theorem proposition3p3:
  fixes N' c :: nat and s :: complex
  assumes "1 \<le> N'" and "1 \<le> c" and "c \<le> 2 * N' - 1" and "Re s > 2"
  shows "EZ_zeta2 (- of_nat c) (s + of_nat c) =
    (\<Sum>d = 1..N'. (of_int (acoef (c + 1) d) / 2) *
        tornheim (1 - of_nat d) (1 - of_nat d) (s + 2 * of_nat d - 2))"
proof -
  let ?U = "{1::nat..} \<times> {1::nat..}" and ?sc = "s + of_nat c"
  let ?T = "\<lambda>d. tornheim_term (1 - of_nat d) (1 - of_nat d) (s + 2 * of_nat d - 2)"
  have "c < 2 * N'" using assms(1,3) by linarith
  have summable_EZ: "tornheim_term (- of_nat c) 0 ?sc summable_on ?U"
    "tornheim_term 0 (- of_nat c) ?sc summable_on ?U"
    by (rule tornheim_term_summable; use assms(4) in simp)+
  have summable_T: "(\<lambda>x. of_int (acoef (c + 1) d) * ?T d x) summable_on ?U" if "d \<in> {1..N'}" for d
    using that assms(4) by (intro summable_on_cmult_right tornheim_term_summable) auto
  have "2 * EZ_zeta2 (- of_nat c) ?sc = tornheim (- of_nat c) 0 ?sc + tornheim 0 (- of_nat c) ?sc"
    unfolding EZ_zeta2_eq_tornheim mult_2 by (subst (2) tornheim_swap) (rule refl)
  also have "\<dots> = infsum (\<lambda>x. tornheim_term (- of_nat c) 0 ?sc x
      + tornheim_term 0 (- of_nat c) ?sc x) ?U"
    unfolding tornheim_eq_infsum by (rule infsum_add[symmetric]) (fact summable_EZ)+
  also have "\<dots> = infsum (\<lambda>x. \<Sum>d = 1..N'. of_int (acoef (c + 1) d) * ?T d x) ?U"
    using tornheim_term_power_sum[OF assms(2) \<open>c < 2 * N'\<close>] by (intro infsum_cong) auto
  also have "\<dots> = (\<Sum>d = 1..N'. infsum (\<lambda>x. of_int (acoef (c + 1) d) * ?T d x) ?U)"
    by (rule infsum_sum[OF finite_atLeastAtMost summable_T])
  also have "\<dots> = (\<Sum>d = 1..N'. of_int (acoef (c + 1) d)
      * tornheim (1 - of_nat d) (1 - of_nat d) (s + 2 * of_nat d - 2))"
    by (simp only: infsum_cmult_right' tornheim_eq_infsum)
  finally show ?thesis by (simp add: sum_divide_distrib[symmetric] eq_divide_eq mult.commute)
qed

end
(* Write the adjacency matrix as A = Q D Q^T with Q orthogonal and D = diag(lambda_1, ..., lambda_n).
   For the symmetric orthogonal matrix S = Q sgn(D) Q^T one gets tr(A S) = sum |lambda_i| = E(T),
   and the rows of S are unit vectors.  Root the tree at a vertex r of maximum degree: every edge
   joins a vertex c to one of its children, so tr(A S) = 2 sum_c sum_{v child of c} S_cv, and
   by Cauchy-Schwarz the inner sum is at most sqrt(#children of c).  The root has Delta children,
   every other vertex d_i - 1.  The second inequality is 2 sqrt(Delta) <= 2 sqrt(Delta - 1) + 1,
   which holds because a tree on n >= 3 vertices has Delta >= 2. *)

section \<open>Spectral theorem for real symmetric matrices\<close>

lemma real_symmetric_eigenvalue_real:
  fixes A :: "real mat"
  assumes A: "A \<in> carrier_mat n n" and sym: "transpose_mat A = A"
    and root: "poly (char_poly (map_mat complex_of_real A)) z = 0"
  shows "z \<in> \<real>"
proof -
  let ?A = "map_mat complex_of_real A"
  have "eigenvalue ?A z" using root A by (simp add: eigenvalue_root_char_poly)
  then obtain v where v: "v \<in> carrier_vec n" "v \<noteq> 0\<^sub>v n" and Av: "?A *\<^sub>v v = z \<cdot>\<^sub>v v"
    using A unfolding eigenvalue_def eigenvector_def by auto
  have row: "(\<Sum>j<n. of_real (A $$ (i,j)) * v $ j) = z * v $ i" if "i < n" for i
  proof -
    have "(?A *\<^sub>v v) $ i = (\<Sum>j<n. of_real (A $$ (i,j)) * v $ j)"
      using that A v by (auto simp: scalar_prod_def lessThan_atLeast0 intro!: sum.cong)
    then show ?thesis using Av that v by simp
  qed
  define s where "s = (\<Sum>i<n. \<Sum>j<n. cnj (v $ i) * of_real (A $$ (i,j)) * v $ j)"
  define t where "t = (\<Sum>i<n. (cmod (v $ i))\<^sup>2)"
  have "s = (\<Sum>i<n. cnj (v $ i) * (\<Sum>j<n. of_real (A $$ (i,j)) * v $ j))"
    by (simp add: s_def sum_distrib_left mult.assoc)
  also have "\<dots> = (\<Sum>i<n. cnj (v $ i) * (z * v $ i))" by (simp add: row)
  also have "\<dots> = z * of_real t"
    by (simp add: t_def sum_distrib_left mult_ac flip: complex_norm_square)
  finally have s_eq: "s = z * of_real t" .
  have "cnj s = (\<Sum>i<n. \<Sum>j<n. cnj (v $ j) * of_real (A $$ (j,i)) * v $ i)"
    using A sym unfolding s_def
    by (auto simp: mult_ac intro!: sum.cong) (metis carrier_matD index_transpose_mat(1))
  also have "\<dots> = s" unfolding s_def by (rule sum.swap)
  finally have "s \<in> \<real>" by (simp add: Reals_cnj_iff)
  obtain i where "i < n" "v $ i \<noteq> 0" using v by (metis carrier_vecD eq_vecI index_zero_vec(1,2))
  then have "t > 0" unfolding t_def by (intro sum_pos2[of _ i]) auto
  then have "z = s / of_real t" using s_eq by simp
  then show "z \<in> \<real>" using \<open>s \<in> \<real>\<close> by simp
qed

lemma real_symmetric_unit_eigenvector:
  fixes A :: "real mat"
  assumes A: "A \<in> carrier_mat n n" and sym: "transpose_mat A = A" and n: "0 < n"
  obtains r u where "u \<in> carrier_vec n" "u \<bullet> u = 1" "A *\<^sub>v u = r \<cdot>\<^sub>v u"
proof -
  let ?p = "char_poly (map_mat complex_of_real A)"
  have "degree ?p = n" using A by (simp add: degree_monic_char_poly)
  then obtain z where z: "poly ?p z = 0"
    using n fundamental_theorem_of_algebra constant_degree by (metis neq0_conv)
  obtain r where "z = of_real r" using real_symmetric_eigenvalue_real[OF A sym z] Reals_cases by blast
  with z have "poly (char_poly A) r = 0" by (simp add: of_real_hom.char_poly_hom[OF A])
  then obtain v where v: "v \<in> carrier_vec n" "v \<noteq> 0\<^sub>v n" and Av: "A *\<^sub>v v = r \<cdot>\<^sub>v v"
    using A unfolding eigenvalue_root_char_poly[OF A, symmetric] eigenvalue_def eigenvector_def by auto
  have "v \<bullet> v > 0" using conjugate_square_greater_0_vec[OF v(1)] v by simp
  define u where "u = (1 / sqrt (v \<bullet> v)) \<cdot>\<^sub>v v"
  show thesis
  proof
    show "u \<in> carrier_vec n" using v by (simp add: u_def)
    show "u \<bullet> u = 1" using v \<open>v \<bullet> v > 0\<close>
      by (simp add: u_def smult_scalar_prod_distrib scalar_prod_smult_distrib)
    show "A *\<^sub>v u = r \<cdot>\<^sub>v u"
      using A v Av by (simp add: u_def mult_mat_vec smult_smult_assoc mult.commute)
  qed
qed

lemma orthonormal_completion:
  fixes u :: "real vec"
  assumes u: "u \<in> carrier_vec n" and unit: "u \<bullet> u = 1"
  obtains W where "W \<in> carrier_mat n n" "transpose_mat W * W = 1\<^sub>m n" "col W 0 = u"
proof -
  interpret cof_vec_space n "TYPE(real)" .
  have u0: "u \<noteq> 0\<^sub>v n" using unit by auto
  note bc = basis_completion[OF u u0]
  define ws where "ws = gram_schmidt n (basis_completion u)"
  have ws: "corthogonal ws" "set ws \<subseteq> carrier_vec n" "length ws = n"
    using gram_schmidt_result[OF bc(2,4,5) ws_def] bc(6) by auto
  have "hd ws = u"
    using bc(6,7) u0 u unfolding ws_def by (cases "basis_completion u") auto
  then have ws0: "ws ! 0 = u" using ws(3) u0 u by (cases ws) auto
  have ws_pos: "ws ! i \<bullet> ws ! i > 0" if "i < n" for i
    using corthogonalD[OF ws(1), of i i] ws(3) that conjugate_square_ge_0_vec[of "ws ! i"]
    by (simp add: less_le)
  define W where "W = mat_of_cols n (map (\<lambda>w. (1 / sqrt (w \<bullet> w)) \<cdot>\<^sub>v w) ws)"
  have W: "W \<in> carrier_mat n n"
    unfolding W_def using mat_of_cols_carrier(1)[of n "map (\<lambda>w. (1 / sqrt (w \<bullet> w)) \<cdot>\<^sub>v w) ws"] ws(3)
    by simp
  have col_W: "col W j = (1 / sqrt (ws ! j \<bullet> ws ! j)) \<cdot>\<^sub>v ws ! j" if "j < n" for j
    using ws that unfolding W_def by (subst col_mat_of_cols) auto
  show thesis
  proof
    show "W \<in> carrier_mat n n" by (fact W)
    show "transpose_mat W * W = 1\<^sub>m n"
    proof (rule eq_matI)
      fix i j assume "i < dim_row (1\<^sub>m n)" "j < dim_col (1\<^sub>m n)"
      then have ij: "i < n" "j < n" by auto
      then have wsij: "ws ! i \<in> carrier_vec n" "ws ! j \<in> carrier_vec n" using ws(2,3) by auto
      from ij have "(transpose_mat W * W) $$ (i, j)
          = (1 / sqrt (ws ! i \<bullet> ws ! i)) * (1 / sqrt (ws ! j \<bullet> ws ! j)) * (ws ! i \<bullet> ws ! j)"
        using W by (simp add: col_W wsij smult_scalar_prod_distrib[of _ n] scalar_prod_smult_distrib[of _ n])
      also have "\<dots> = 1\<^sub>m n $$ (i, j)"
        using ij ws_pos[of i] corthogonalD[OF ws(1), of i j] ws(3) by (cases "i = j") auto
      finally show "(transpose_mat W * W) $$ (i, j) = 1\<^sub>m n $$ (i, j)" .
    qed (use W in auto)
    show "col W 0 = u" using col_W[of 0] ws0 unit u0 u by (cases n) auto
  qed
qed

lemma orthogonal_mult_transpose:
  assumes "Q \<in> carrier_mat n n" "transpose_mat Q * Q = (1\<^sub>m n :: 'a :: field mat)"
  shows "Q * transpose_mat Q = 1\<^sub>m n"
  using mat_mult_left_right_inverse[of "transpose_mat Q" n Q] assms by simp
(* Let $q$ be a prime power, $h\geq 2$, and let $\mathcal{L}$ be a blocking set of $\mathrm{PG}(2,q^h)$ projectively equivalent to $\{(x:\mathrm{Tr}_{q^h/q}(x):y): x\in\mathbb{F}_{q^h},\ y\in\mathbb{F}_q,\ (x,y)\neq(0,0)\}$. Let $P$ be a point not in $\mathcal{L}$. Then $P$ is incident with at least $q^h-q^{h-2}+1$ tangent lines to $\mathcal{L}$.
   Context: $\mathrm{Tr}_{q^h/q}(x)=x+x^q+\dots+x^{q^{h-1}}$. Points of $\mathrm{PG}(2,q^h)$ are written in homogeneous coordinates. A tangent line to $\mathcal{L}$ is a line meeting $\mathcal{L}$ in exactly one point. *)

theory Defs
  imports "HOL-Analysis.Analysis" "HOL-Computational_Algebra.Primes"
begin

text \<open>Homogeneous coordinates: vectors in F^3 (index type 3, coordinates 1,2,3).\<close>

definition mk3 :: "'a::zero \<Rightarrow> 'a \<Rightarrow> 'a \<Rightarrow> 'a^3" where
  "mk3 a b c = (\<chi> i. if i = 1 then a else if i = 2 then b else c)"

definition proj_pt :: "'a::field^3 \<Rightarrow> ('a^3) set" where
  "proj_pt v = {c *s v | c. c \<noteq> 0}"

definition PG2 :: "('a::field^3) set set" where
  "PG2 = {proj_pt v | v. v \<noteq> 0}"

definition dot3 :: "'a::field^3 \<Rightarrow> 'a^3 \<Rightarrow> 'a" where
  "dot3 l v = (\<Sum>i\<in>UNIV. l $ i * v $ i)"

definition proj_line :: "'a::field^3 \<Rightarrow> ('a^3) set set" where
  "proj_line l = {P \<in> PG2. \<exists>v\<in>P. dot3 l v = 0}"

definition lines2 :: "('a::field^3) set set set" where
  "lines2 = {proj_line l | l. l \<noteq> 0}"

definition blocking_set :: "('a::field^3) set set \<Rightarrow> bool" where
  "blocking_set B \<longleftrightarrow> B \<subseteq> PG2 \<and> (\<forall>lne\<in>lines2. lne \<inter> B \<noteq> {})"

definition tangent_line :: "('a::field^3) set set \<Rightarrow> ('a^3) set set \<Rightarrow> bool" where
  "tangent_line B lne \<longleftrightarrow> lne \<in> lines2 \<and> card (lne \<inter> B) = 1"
####################
• Problem to work on
Everything above from the line containing "tornheim_term (1 - of_nat" down to the line containing "infsum (\<lambda>x. \<Sum>d" is to be transcribed exactly, with both of those lines included and nothing else added.

• Answer section
  let ?T = "\<lambda>d. tornheim_term (1 - of_nat d) (1 - of_nat d) (s + 2 * of_nat d - 2)"
  have "c < 2 * N'" using assms(1,3) by linarith
  have summable_EZ: "tornheim_term (- of_nat c) 0 ?sc summable_on ?U"
    "tornheim_term 0 (- of_nat c) ?sc summable_on ?U"
    by (rule tornheim_term_summable; use assms(4) in simp)+
  have summable_T: "(\<lambda>x. of_int (acoef (c + 1) d) * ?T d x) summable_on ?U" if "d \<in> {1..N'}" for d
    using that assms(4) by (intro summable_on_cmult_right tornheim_term_summable) auto
  have "2 * EZ_zeta2 (- of_nat c) ?sc = tornheim (- of_nat c) 0 ?sc + tornheim 0 (- of_nat c) ?sc"
    unfolding EZ_zeta2_eq_tornheim mult_2 by (subst (2) tornheim_swap) (rule refl)
  also have "\<dots> = infsum (\<lambda>x. tornheim_term (- of_nat c) 0 ?sc x
      + tornheim_term 0 (- of_nat c) ?sc x) ?U"
    unfolding tornheim_eq_infsum by (rule infsum_add[symmetric]) (fact summable_EZ)+
  also have "\<dots> = infsum (\<lambda>x. \<Sum>d = 1..N'. of_int (acoef (c + 1) d) * ?T d x) ?U"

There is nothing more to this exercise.